Well this question is actually work related and since I havn't come across this issue before I thought I would ask hear.

I have a small pump station hooked up to a 3 phase 240 VAC feed. On the incoming legs I get Phase to Ground voltages of 122VAC for Phase A &amp; B but on C I get 212VAC! This is the confusing part...My local guy says the Power companies XFMR is wired Delta EL = EP.....not the case (Right?) Also when metered phase to phase I get 244VAC across the board.

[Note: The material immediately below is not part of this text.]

(* Let $C$ be a set of colours, $\mathrm{val}:C^\omega\to X$ a $C$-valuation such that $X$ is well-founded, and $m\in\mathbb N$. If for every cardinal $\kappa$ there exists a well-monotone $(\kappa,\mathrm{val})$-universal $C$-graph of width $\le m$, then for every cardinal $\kappa$ there also exists a well-monotone $\varepsilon$-separated monotone graph of breadth $\le m$ which is $(\kappa,\mathrm{val}^\varepsilon)$-universal; consequently $\mathrm{val}$ has $\varepsilon$-memory $\le m$.
   Context: For a set $D$ of colours: a $D$-graph $G$ is a set $V(G)$ with edges $E(G)\subseteq V(G)\times D\times V(G)$, written $v\xrightarrow{c}v'$, every vertex having an outgoing edge; a $D$-tree is a $D$-graph with a root $t_0$ such that every vertex has a unique path from $t_0$; cardinality means that of the vertex set. A morphism $\phi:G\to H$ maps vertices so that $v\xrightarrow{c}v'$ implies $\phi(v)\xrightarrow{c}\phi(v')$. A $D$-valuation is $\mathrm{val}:D^\omega\to X$ with $X$ a complete linear order; $\mathrm{val}_G(v)$ is the supremum of values of colour sequences of infinite paths from $v$ in $G$. Let $\varepsilon\notin C$, $C^\varepsilon=C\sqcup\{\varepsilon\}$; for $w\in(C^\varepsilon)^\omega$, $w_C$ is $w$ with $\varepsilon$'s deleted, and $\mathrm{val}^\varepsilon(w)=\mathrm{val}(w_C)$ if $w_C$ is infinite, $\mathrm{val}^\varepsilon(w)=\inf_{w'\in C^\omega}\mathrm{val}(w_Cw')$ otherwise. A game is $(G,V_{\mathrm{Eve}},v_0,\mathrm{val})$; a strategy is $(S,\pi,s_0)$ with $S$ a graph, $\pi:S\to G$ a morphism, $\pi(s_0)=v_0$, and for all $v\notin V_{\mathrm{Eve}}$, $v\xrightarrow{c}v'\in E(G)$, $s\in\pi^{-1}(v)$ there is $s'\in\pi^{-1}(v')$ with $s\xrightarrow{c}s'\in E(S)$; its value is $\mathrm{val}_S(s_0)$ and the value of the game is the infimum over strategies. An $\varepsilon$-game is a $C^\varepsilon$-game with valuation $\mathrm{val}^\varepsilon$; an $\varepsilon$-strategy is a strategy with $V(S)\subseteq V(G)\times M$, $\pi(v,m)=v$, and $(v,m)\xrightarrow{\varepsilon}(v',m')\in E(S)\Rightarrow m=m'$; its memory is $|M|$. $\mathrm{val}$ has $\varepsilon$-memory $\le m$ if in every $\varepsilon$-game the value is attained by an $\varepsilon$-strategy of memory $\le m$. A partially ordered graph $(G,\le)$ is monotone if $u\ge v\xrightarrow{c}v'\ge u'$ implies $u\xrightarrow{c}u'\in E(G)$; well-monotone if moreover $\le$ is well-founded; width $\le m$ means no antichain of cardinality $>m$. An $\varepsilon$-separated monotone graph over a set $M$ is a $C^\varepsilon$-graph $G$ such that $v\le v'\iff v'\xrightarrow{\varepsilon}v\in E(G)$ is a partial order making $G$ monotone, with a partition $(V_j)_{j\in M}$ of $V(G)$ such that $\le$ is total on each part and every $\varepsilon$-edge has both ends in the same part; its breadth is $|M|$ and it is well-monotone if the order is well-founded. For a $D$-valuation $\mathrm{val}$ and cardinal $\kappa$, a $D$-graph $G$ is $(\kappa,\mathrm{val})$-universal if every $D$-tree $T$ of cardinality $<\kappa$ with root $t_0$ admits a morphism $\phi:T\to G$ with $\mathrm{val}_G(\phi(t_0))\le\mathrm{val}_T(t_0)$. *)

theory Defs
  imports Main "HOL-Library.Infinite_Set"
begin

So any opinions on the reason for the high leg? My guess is the power company has something haywire.


----------



## Flyer_PE (Apr 4, 2008)

Your transformer is 3-phase delta wired. One of the phases has a grounded center tap. For the phase with the grounded center tap, you will read 120V to ground on either side. Measured from ground, the voltage to the third phase will be a nominal 208 Vac.

Hope I'm explaining this properly.

Jim


----------



## ndekens (Apr 4, 2008)

IFR_Pilot said:


> Your transformer is 3-phase delta wired. One of the phases has a grounded center tap. For the phase with the grounded center tap, you will read 120V to ground on either side. Measured from ground, the voltage to the third phase will be a nominal 208 Vac.
> Hope I'm explaining this properly.
> 
> Jim


Thanks! I got it now...First time I ran into this. Im use to 480 3 phase....not this 240 stuff.


----------



## clemente (Apr 4, 2008)

is that middle phase orange in color?


----------



## clemente (Apr 4, 2008)

is that middle phase orange in color?


----------



## adr (Apr 4, 2008)

Info at siemens.com:

http://www.sea.siemens.com/step/templates/...mason?pan:3:2:3


----------



## Art (Apr 5, 2008)

draw the phasor diagram...

a delta or triangle with 240 per side...base on the bottom

then a ground splitting the bottom...

the leg on either side of the gnd is 1/2 240 = 120 or cos 60 x 240 = 120

the opposite or high leg on top (the 'point') to ground is cos (1/2 x 60 deg) x 240 = cos 30 x 240 = 207.85 or 208


----------